I liked being the weird girl. Picture me in England in 1995. I have a Tardis embroidered on my shoulder bag, wear off brand platform shoes, and carry a picture of Riker around in my wallet. I write poems when I should probably be playing Netball, and I made one of my best friends by singing along to the Red Dwarf theme music after gym class.

I liked being the weird girl. But not everyone’s experience of the word weird is positive. So it is with TJ Klune, who explains in the notes to The Bones Beneath My Skin that hearing an off hand comment from his publisher describing this book as “ weird even for him” was jarring, and had him running right back to his teenage self.
So I say this with all the positivity I myself associate with the word weird, with the love I have for the descriptor, The Bones Beneath My Skin is a weird book.
Weird is in fact the first thing I thought when I finished the book. It is also a book that I read straight through in less than 24 hours over a snow storm that found me trapped with my kids, husband, and inlaws in a cabin in the woods. Well my in-laws’ house in Northern Maine, but a cabin in the woods is what it felt like when reading this book. This is not my usual area of fiction, it’s an unusual choice for me, but it is also a book that I could not stop turning the pages of, and kind of want to read what happens next.
The story is set in 1995, which is considered by my peers and I to be one of the perfect years. This was the year of the original Toy Story, Apollo 13, and Goldeneye. TLC’s “Waterfalls” won the MTV Video Music Award for Video of the Year, and has been stuck on loop in all of our minds ever since. In the 1995 of The Bones Beneath My Skin we join journalist Nate Cartwright at a pivotal moment in his life. He has lost his job, his family and his sense of direction, all of which lead him to his family’s remote cabin in Oregon. This is where stranger things start to happen. The cabin is not as empty as he expected, and he stumbles on an ex-Marine, a 10 year old girl, and a whole lot of trouble. On the run from a secret government organization the three are quickly running together across the country.
I have been wanting to read TJ Klune for a while, but this is the first one I picked up. From what I now know, I think his other books are more in my wheelhouse, but it is not an exaggeration to say, this guy can write. From descriptions of Artemis exploring the world, to Artemis destroying the world, to Artemis discovering a gas station, he has a way with story telling that tingles every facet of all the senses. He creates complex characters of few words that pull you along into their stories and their rhythms. He makes you think, and then re-think, and then think again about things you already know, fictional and in the real world.

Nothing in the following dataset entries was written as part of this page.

lemma mmult_cond_exp_cond_exp:
  "y \<in> K \<Longrightarrow> mmult K (E P) (E Q) x y
     = (if x i = y i then \<Sum>w\<in>rest_idx. reduced_op P x w * reduced_op Q w y else 0)"
  using mmult_cond_exp_right[OF Idx_coord_less, of y "E P" Q x y]
  by (simp add: cond_exp_eq_reduced_op rest_idx_coord reduced_op_upd)

lemma cond_exp_mmult_cond_exp_right:
  "y \<in> K \<Longrightarrow> E (mmult K P (E Q)) x y = mmult K (E P) (E Q) x y"
  by (simp add: cond_exp_eq_reduced_op[of "mmult K P (E Q)"] reduced_op_mmult_cond_exp_right
      mmult_cond_exp_cond_exp)

lemma cond_exp_mmult_cond_exp_left:
  "y \<in> K \<Longrightarrow> E (mmult K (E Q) P) x y = mmult K (E Q) (E P) x y"
  by (simp add: cond_exp_eq_reduced_op[of "mmult K (E Q) P"] reduced_op_mmult_cond_exp_left
      mmult_cond_exp_cond_exp)

lemma expect_mmult_cond_exp_right: "expect K \<sigma> (mmult K P (E Q)) = expect K \<sigma> (mmult K (E P) (E Q))"
proof -
  have "expect K \<sigma> (E (mmult K P (E Q))) = expect K \<sigma> (mmult K (E P) (E Q))"
    by (rule expect_cong) (rule cond_exp_mmult_cond_exp_right)
  then show ?thesis by (simp only: expect_cond_exp)
qed

lemma expect_mmult_cond_exp_left: "expect K \<sigma> (mmult K (E Q) P) = expect K \<sigma> (mmult K (E Q) (E P))"
proof -
  have "expect K \<sigma> (E (mmult K (E Q) P)) = expect K \<sigma> (mmult K (E Q) (E P))"
    by (rule expect_cong) (rule cond_exp_mmult_cond_exp_left)
  then show ?thesis by (simp only: expect_cond_exp)
qed

lemma expect_square_diff_op:
  "expect K \<sigma> (mmult K (diff_op d rho i X) (diff_op d rho i X))
     = expect K \<sigma> (mmult K X X) - expect K \<sigma> (mmult K X (E X))"
proof -
  have expand: "mmult K (diff_op d rho i X) (diff_op d rho i X) x y
      = mmult K X X x y - mmult K X (E X) x y - mmult K (E X) X x y + mmult K (E X) (E X) x y" for x y
    unfolding mmult_def diff_op_def by (simp add: algebra_simps sum_subtractf sum.distrib)
  have "expect K \<sigma> (mmult K (diff_op d rho i X) (diff_op d rho i X))
      = expect K \<sigma> (mmult K X X) - expect K \<sigma> (mmult K X (E X))
        - expect K \<sigma> (mmult K (E X) X) + expect K \<sigma> (mmult K (E X) (E X))"
    unfolding expect_altdef expand by (simp add: algebra_simps sum_subtractf sum.distrib)
  then show ?thesis
    by (simp add: expect_mmult_cond_exp_right[of X X] expect_mmult_cond_exp_left[of X X])
qed

lemma swap_at_in_Idx: "p \<in> K \<times> K \<Longrightarrow> swap_at i p \<in> K \<times> K"
  by (auto simp: swap_at_def upd_in_Idx Idx_coord_less)

lemma tensor_prod_state_swap_at: "tensor_op \<sigma> \<sigma> (swap_at i p) (swap_at i q) = tensor_op \<sigma> \<sigma> p q"
proof -
  have "\<sigma> x y = rho i (x i) (y i) * rest_state x y" for x y
    using prod_state_upd[of x "x i" y "y i"] by simp
  then show ?thesis
    by (cases p; cases q) (simp add: swap_at_def tensor_op_def prod_state_upd rest_state_upd mult_ac)
qed

lemma sum_prod_state_upd:
  "(\<Sum>y\<in>K. \<sigma> y (y(i := c)) * g (y i)) = (\<Sum>b<d i. rho i b c * g b)"
proof -
  have "(\<Sum>y\<in>K. \<sigma> y (y(i := c)) * g (y i)) = (\<Sum>b<d i. rho i b c * g b * (\<Sum>u\<in>rest_idx. rest_state u u))"
    unfolding sum_Idx_split by (simp add: prod_state_upd sum_distrib_left mult_ac)
  then show ?thesis by (simp add: mtrace_rest_state)
qed

lemma mmult_swap_op_right: "r \<in> K \<times> K \<Longrightarrow> mmult (K \<times> K) M (swap_op i) q r = M q (swap_at i r)"
  unfolding swap_op_eq_perm_op
  by (rule mmult_perm_op_right) (auto simp: finite_Idx swap_at_in_Idx)

lemma mmult_swap_conj_apply:
  assumes "x \<in> K" "y \<in> K"
  shows "mmult (K \<times> K) (mmult (K \<times> K) (tensor_op X id_op) (swap_op i))
      (mmult (K \<times> K) (tensor_op X id_op) (swap_op i)) (x', y') (x, y)
    = (\<Sum>z\<in>K. if y' = y(i := z i) then X x' (z(i := x i)) * X z (x(i := y i)) else 0)"
proof -
  have "y(i := x i) \<in> K"
    using assms by (simp add: upd_in_Idx Idx_coord_less)
  then show ?thesis
    using assms unfolding mmult_def[of "K \<times> K" "mmult _ _ _"]
    by (simp add: finite_Idx mmult_swap_op_right sum.cartesian_product' swap_at_def tensor_op_def id_op_def
        if_distrib[where f = "\<lambda>u. _ * u"] if_distrib[where f = "\<lambda>u. u * _"] cong: if_cong)
qed

lemma expect_second_copy_swap_conj:
  assumes "x \<in> K" "x' \<in> K"
  shows "expect K \<sigma> (\<lambda>y' y. mmult (K \<times> K) (mmult (K \<times> K) (tensor_op X id_op) (swap_op i))
      (mmult (K \<times> K) (tensor_op X id_op) (swap_op i)) (x', y') (x, y)) = mmult K X (E X) x' x"
proof -
  have "expect K \<sigma> (\<lambda>y' y. mmult (K \<times> K) (mmult (K \<times> K) (tensor_op X id_op) (swap_op i))
      (mmult (K \<times> K) (tensor_op X id_op) (swap_op i)) (x', y') (x, y))
    = (\<Sum>y\<in>K. \<Sum>y'\<in>K. \<Sum>z\<in>K. \<sigma> y y' *
        (if y' = y(i := z i) then X x' (z(i := x i)) * X z (x(i := y i)) else 0))"
    unfolding expect_altdef using assms(1)
    by (intro sum.cong refl) (simp add: mmult_swap_conj_apply sum_distrib_left)
  also have "\<dots> = (\<Sum>y\<in>K. \<Sum>z\<in>K. \<sigma> y (y(i := z i)) * X x' (z(i := x i)) * X z (x(i := y i)))"
    by (rule sum.cong[OF refl], subst sum.swap)
      (simp add: finite_Idx upd_in_Idx Idx_coord_less mult_ac if_distrib[where f = "\<lambda>u. _ * u"]
        cong: if_cong)
  also have "\<dots> = (\<Sum>z\<in>K. X x' (z(i := x i)) * (\<Sum>b<d i. rho i b (z i) * X z (x(i := b))))"
    by (subst sum.swap) (simp add: sum_distrib_left mult_ac flip: sum_prod_state_upd)
  also have "\<dots> = (\<Sum>w\<in>rest_idx. X x' (w(i := x i)) * reduced_op X w x)"
    unfolding sum_Idx_split reduced_op_def
    by (simp add: sum_distrib_left mult_ac sum.swap[of _ "{..<d i}" rest_idx] rest_idx_coord)
      (rule sum.swap)
  also have "\<dots> = mmult K X (E X) x' x"
    using mmult_cond_exp_right[OF Idx_coord_less[OF assms(1)], of X X x' x] by simp
  finally show ?thesis .
qed

lemma expect_tensor_square:
  "expect (K \<times> K) (tensor_op \<sigma> \<sigma>) (mmult (K \<times> K) (tensor_op X id_op) (tensor_op X id_op))
     = expect K \<sigma> (mmult K X X)"
  by (simp add: mmult_tensor_op expect_tensor_op expect_mmult_id_op finite_Idx mtrace_prod_state_eq_1)

lemma expect_tensor_swap_conj:
  "expect (K \<times> K) (tensor_op \<sigma> \<sigma>) (mmult (K \<times> K) (mmult (K \<times> K) (tensor_op X id_op) (swap_op i))
      (mmult (K \<times> K) (tensor_op X id_op) (swap_op i)))
     = expect K \<sigma> (mmult K X (E X))"
  unfolding expect_tensor_op_partial by (rule expect_cong) (simp add: expect_second_copy_swap_conj)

The biggest non-spoiler theme of The Bones Beneath My Skin is humanity. What is humanity? Where do we get our humanity? What drives our humanity?. Just this week I ended up in a conversation with three grocery store workers as they were checking out me and my stash of fun size Twix bars. Two teenagers were saying that only bad people do bad things, and the third teenager was saying that good people do bad things. This kind of conversation is my jam, so I piped up with my personal belief that people do all kinds of things, good or bad, because people are people. Humanity is self destructive and this book takes a birds eye view of what makes us destructive but also what makes us beautiful.
So yeah, it’s weird, but I’m weird. I’m still not sure this book was entirely my cup of tea, but it was definitely riveting, it was definitely thought provoking. I have already recommended it to several people, and willfully not recommended it to several others. For me it was weird in all the good ways, and in all the weird ways.